GOAL OF THE EXERCISE - If a line in the records below includes the word "lemma", count it, then give the total and nothing else.

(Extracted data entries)
lemma is_onb_sum_norm_sq:
  assumes onb: "is_onb (measure_pmf \<nu>) n q"
  shows "(\<Sum>k<dimP TYPE('d) n. (cmod (q k z))\<^sup>2)
       = (\<Sum>i<dimP TYPE('d) n. (cmod (L i z))\<^sup>2 / pmf \<nu> (x i))"
proof -
  define v where "v = (\<lambda>i. complex_of_real (pmf \<nu> (x i)))"
  define K where "K = (\<lambda>w. \<Sum>i<dimP TYPE('d) n. cnj (L i z) / v i * L i w)"
  have v_nz: "v i \<noteq> 0" if "i < dimP TYPE('d) n" for i
    using pos[OF that] by (simp add: v_def)
  have K_poly: "K \<in> polys n"
    unfolding K_def using lagrange_poly by (intro polys_sum) auto
  have K_node: "K (x j) = cnj (L j z) / v j" if "j < dimP TYPE('d) n" for j
    unfolding K_def using that by (rule lagrange_combination_at_node)
  have "ip (measure_pmf \<nu>) K (q k) = cnj (q k z)" if k: "k < dimP TYPE('d) n" for k
  proof -
    have "ip (measure_pmf \<nu>) K (q k) = (\<Sum>j<dimP TYPE('d) n. v j * K (x j) * cnj (q k (x j)))"
      unfolding v_def by (rule ip_on_nodes)
    also have "\<dots> = cnj (\<Sum>j<dimP TYPE('d) n. q k (x j) * L j z)"
      using K_node v_nz by (auto simp: mult.commute intro!: sum.cong)
    also have "\<dots> = cnj (q k z)"
      using onb k lagrange_interpolation[of "q k" z] by (simp add: is_onb_def)
    finally show ?thesis .
  qed
  then have "ip (measure_pmf \<nu>) K K = complex_of_real (\<Sum>k<dimP TYPE('d) n. (cmod (q k z))\<^sup>2)"
    using is_onb_parseval[OF finite_subset[OF supp finite_imageI[OF finite_lessThan]] onb K_poly]
    by simp
  moreover have "ip (measure_pmf \<nu>) K K
      = complex_of_real (\<Sum>i<dimP TYPE('d) n. (cmod (L i z))\<^sup>2 / pmf \<nu> (x i))"
    unfolding ip_on_nodes of_real_sum
    using K_node v_nz
    by (intro sum.cong) (simp_all add: v_def complex_norm_square mult.commute del: of_real_power)
  ultimately show ?thesis
    by (metis of_real_eq_iff)
qed

lemma Kn_on_nodes:
  "Kn (measure_pmf \<nu>) n z = (\<Sum>i<dimP TYPE('d) n. (cmod (L i z))\<^sup>2 / pmf \<nu> (x i))"
proof -
  have "is_onb (measure_pmf \<nu>) n (SOME q. is_onb (measure_pmf \<nu>) n q)"
    using is_onb_scaled_lagrange by (rule someI[where P = "is_onb (measure_pmf \<nu>) n"])
  then show ?thesis
    unfolding Kn_def Let_def by (rule is_onb_sum_norm_sq)
qed

end

end

end

lemma sum_squared_le_sum_sq_divide:
  fixes a v :: "'i \<Rightarrow> real"
  assumes pos: "\<And>i. i \<in> I \<Longrightarrow> v i > 0" and one: "sum v I = 1"
  shows "(sum a I)\<^sup>2 \<le> (\<Sum>i\<in>I. (a i)\<^sup>2 / v i)"
proof -
  let ?S = "sum a I"
  have "?S\<^sup>2 = (\<Sum>i\<in>I. 2 * ?S * a i - ?S\<^sup>2 * v i)"
    using one by (simp add: sum_subtractf sum_distrib_left[symmetric] power2_eq_square)
  also have "\<dots> \<le> (\<Sum>i\<in>I. (a i)\<^sup>2 / v i)"
  proof (rule sum_mono)
    fix i
    assume "i \<in> I"
    then have "v i > 0"
      by (rule pos)
    then have "(a i)\<^sup>2 / v i - (2 * ?S * a i - ?S\<^sup>2 * v i) = (a i - ?S * v i)\<^sup>2 / v i"
      by (simp add: field_simps power2_eq_square)
    also have "\<dots> \<ge> 0"
      using \<open>v i > 0\<close> by simp
    finally show "2 * ?S * a i - ?S\<^sup>2 * v i \<le> (a i)\<^sup>2 / v i"
      by simp
  qed
  finally show ?thesis .
qed

lemma sum_sq_divide_proportional:
  fixes a v :: "'i \<Rightarrow> real"
  assumes proportional: "\<And>i. i \<in> I \<Longrightarrow> v i = a i / sum a I" and pos: "\<And>i. i \<in> I \<Longrightarrow> v i > 0"
  shows "(\<Sum>i\<in>I. (a i)\<^sup>2 / v i) = (sum a I)\<^sup>2"
proof -
  have "(a i)\<^sup>2 / v i = a i * sum a I" if "i \<in> I" for i
  proof -
    have "a i \<noteq> 0" "sum a I \<noteq> 0"
      using proportional[OF that] pos[OF that] by auto
    then show ?thesis
      using proportional[OF that] pos[OF that] by (simp add: power2_eq_square field_simps)
  qed
  then have "(\<Sum>i\<in>I. (a i)\<^sup>2 / v i) = (\<Sum>i\<in>I. a i * sum a I)"
    by (rule sum.cong[OF refl])
  also have "\<dots> = (sum a I)\<^sup>2"
    by (simp add: sum_distrib_right power2_eq_square)
  finally show ?thesis .
qed
lemma symmetric_complete_hyp_realizes:
  fixes H :: "('x \<Rightarrow> nat \<Rightarrow> real) set"
  assumes sym: "symmetric_hyp n H" and compl: "complete_hyp n H" and n: "1 \<le> n"
  obtains g where "g \<in> H" "\<And>y. y \<in> Ybar n \<Longrightarrow> g x y = v y"
proof -
  from sym obtain F :: "('x \<Rightarrow> real) set" where "\<forall>x. (\<lambda>h. map (\<lambda>y. h x y) [1..<n+2]) ` H
      = (\<lambda>fs. map (\<lambda>f. f x) fs) ` {fs. length fs = Suc n \<and> set fs \<subseteq> F}"
    unfolding symmetric_hyp_def ..
  then have F: "(\<lambda>h. map (\<lambda>y. h x y) [1..<n+2]) ` H
      = (\<lambda>fs. map (\<lambda>f. f x) fs) ` {fs. length fs = Suc n \<and> set fs \<subseteq> F}"
    by (rule spec)
  have "\<forall>r. \<exists>f. f \<in> F \<and> f x = r"
    using score_functions_onto[OF F compl n] ..
  from choice[OF this] obtain pick where pick: "\<forall>r. pick r \<in> F \<and> pick r x = r"
    by (rule exE)
  have "map v [1..<n+2] = map (\<lambda>f. f x) (map (\<lambda>y. pick (v y)) [1..<n+2])"
    using pick by simp
  moreover have "map (\<lambda>y. pick (v y)) [1..<n+2] \<in> {fs. length fs = Suc n \<and> set fs \<subseteq> F}"
    using pick by auto
  ultimately have "map v [1..<n+2] \<in> (\<lambda>h. map (\<lambda>y. h x y) [1..<n+2]) ` H"
    unfolding F by (rule image_eqI)
  then obtain g where g: "map v [1..<n+2] = map (\<lambda>y. g x y) [1..<n+2]" "g \<in> H"
    by (rule imageE)
  have "g x y = v y" if "y \<in> Ybar n" for y
  proof -
    have "y \<in> set [1..<n+2]"
      using that by (auto simp: Ybar_def)
    then show ?thesis
      using g(1) by (simp only: map_eq_conv)
  qed
  with g(2) show ?thesis
    by (rule that)
qed

lemma softmax_pos: "0 < softmax n g x y"
  unfolding softmax_def by (simp add: sum_pos)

RESPONSE FOR THIS EXERCISE - 6